> _Task goal_
Beneath this instruction is a listing; print exactly the lines in it starting at the line that contains "topological (C_of \<nu>))" and going through the line that contains "top -> adh\<close>".

> _Information provided_
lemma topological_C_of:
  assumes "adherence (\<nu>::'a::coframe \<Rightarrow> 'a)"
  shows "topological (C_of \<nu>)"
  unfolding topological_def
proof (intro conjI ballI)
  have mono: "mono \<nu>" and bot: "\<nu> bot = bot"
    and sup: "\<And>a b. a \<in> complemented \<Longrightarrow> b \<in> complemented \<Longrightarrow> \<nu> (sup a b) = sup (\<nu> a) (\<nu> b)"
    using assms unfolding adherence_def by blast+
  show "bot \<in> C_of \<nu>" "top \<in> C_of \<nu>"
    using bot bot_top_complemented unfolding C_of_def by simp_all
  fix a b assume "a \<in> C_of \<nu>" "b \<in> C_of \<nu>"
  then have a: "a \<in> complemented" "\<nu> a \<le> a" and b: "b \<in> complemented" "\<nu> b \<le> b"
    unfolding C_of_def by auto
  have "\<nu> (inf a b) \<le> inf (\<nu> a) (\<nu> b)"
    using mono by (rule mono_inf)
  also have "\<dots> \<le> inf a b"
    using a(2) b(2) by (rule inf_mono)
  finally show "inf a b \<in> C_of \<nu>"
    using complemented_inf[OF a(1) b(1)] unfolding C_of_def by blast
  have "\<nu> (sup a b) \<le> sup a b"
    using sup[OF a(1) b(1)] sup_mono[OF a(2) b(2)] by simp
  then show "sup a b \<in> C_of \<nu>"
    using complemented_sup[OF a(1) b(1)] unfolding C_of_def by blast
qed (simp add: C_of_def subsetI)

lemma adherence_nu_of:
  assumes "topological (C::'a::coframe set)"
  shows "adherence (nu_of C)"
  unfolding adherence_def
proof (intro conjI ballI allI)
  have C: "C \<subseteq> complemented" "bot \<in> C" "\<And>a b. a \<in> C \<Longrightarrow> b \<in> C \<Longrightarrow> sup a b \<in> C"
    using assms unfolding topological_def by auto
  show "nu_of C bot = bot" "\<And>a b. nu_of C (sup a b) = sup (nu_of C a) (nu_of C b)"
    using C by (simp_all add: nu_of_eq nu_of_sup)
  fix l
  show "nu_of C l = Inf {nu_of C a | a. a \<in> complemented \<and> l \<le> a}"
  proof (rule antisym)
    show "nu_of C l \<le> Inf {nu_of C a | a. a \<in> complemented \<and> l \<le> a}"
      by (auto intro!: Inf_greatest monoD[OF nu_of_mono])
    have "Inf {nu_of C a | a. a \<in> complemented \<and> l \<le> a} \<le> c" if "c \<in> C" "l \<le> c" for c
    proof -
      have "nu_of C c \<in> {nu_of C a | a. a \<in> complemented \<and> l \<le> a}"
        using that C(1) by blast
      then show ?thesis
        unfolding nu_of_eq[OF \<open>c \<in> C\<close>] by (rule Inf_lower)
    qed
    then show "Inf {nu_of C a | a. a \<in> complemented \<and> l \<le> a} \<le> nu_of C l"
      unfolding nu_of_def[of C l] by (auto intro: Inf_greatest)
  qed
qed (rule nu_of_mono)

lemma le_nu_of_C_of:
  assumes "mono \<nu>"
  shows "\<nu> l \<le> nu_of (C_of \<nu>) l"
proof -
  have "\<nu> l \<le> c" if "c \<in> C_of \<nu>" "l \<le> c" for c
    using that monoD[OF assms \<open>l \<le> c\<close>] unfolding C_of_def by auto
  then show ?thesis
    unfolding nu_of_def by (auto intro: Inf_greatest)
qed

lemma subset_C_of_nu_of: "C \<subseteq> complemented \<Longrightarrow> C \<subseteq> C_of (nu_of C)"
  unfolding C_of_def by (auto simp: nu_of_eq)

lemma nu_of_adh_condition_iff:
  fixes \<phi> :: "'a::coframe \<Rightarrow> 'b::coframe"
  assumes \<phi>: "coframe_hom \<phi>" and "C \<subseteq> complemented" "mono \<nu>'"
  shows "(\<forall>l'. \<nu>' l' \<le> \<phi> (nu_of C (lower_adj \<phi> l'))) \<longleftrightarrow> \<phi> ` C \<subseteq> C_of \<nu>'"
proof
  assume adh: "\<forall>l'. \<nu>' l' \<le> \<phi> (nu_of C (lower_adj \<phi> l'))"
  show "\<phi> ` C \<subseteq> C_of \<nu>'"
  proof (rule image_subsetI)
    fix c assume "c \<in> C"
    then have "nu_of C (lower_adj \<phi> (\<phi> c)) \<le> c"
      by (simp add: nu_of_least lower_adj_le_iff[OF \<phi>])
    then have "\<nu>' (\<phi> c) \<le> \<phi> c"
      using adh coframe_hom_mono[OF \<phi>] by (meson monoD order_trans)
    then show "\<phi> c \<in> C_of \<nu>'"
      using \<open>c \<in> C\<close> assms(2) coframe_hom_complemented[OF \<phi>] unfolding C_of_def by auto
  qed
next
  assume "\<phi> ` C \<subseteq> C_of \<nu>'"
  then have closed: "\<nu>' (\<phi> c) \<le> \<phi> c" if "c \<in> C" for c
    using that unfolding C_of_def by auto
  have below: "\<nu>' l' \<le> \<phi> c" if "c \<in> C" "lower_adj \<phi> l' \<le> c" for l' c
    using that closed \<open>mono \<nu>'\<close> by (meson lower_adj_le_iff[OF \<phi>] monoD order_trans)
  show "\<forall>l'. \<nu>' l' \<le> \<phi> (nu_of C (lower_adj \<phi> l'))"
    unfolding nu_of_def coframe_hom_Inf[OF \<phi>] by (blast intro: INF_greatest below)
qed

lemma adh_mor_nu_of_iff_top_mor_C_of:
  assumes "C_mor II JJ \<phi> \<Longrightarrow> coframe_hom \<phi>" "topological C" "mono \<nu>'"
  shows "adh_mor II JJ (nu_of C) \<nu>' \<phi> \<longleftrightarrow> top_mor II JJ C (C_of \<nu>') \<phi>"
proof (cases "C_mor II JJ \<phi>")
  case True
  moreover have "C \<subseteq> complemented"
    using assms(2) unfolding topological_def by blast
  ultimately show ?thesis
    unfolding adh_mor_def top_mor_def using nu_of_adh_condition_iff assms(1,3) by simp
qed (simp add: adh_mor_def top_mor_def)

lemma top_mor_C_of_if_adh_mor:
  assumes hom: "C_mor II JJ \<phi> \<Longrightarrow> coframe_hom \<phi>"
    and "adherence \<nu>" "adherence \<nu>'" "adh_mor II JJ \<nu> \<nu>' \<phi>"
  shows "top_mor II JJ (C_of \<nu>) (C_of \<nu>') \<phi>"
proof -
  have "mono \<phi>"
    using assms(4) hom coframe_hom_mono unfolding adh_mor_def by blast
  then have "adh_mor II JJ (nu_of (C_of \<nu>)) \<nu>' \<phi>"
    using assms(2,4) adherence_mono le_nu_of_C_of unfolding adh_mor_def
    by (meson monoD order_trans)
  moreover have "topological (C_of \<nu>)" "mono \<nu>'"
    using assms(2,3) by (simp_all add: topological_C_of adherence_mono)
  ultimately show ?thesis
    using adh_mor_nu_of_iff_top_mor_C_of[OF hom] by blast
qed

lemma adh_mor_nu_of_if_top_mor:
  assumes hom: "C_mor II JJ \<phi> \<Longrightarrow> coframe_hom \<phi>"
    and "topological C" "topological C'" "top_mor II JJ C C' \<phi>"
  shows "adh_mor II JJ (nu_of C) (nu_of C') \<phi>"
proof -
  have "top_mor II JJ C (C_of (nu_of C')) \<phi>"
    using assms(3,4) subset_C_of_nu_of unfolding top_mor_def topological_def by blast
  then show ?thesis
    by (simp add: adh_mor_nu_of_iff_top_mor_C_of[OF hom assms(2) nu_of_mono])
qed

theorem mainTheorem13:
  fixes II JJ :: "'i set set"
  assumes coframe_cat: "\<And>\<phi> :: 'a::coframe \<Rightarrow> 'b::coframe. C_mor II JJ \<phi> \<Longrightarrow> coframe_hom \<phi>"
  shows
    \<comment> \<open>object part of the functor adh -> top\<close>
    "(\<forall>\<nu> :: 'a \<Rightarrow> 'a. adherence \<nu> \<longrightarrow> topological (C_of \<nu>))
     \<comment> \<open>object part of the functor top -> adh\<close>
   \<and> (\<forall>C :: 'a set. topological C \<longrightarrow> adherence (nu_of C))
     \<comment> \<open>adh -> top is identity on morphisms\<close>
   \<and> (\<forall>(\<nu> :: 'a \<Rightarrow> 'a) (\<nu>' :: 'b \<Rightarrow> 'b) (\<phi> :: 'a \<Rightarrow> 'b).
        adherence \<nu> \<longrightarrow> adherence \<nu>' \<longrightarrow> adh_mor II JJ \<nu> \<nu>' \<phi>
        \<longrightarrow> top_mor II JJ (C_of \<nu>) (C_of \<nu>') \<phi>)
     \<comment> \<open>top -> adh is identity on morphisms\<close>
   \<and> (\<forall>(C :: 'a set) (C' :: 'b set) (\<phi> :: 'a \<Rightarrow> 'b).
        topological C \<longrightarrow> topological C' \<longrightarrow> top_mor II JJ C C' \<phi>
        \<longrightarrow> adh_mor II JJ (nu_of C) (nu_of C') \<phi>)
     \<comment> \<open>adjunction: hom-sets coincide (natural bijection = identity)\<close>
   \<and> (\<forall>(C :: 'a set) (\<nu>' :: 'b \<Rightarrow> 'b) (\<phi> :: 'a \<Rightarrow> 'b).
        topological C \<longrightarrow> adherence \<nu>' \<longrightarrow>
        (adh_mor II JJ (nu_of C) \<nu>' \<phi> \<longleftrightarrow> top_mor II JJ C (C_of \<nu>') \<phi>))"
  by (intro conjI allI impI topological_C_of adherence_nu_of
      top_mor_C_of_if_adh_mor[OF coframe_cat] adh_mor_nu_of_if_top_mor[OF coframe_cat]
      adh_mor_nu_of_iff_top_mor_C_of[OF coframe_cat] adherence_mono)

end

> _The completed task_
    "(\<forall>\<nu> :: 'a \<Rightarrow> 'a. adherence \<nu> \<longrightarrow> topological (C_of \<nu>))
     \<comment> \<open>object part of the functor top -> adh\<close>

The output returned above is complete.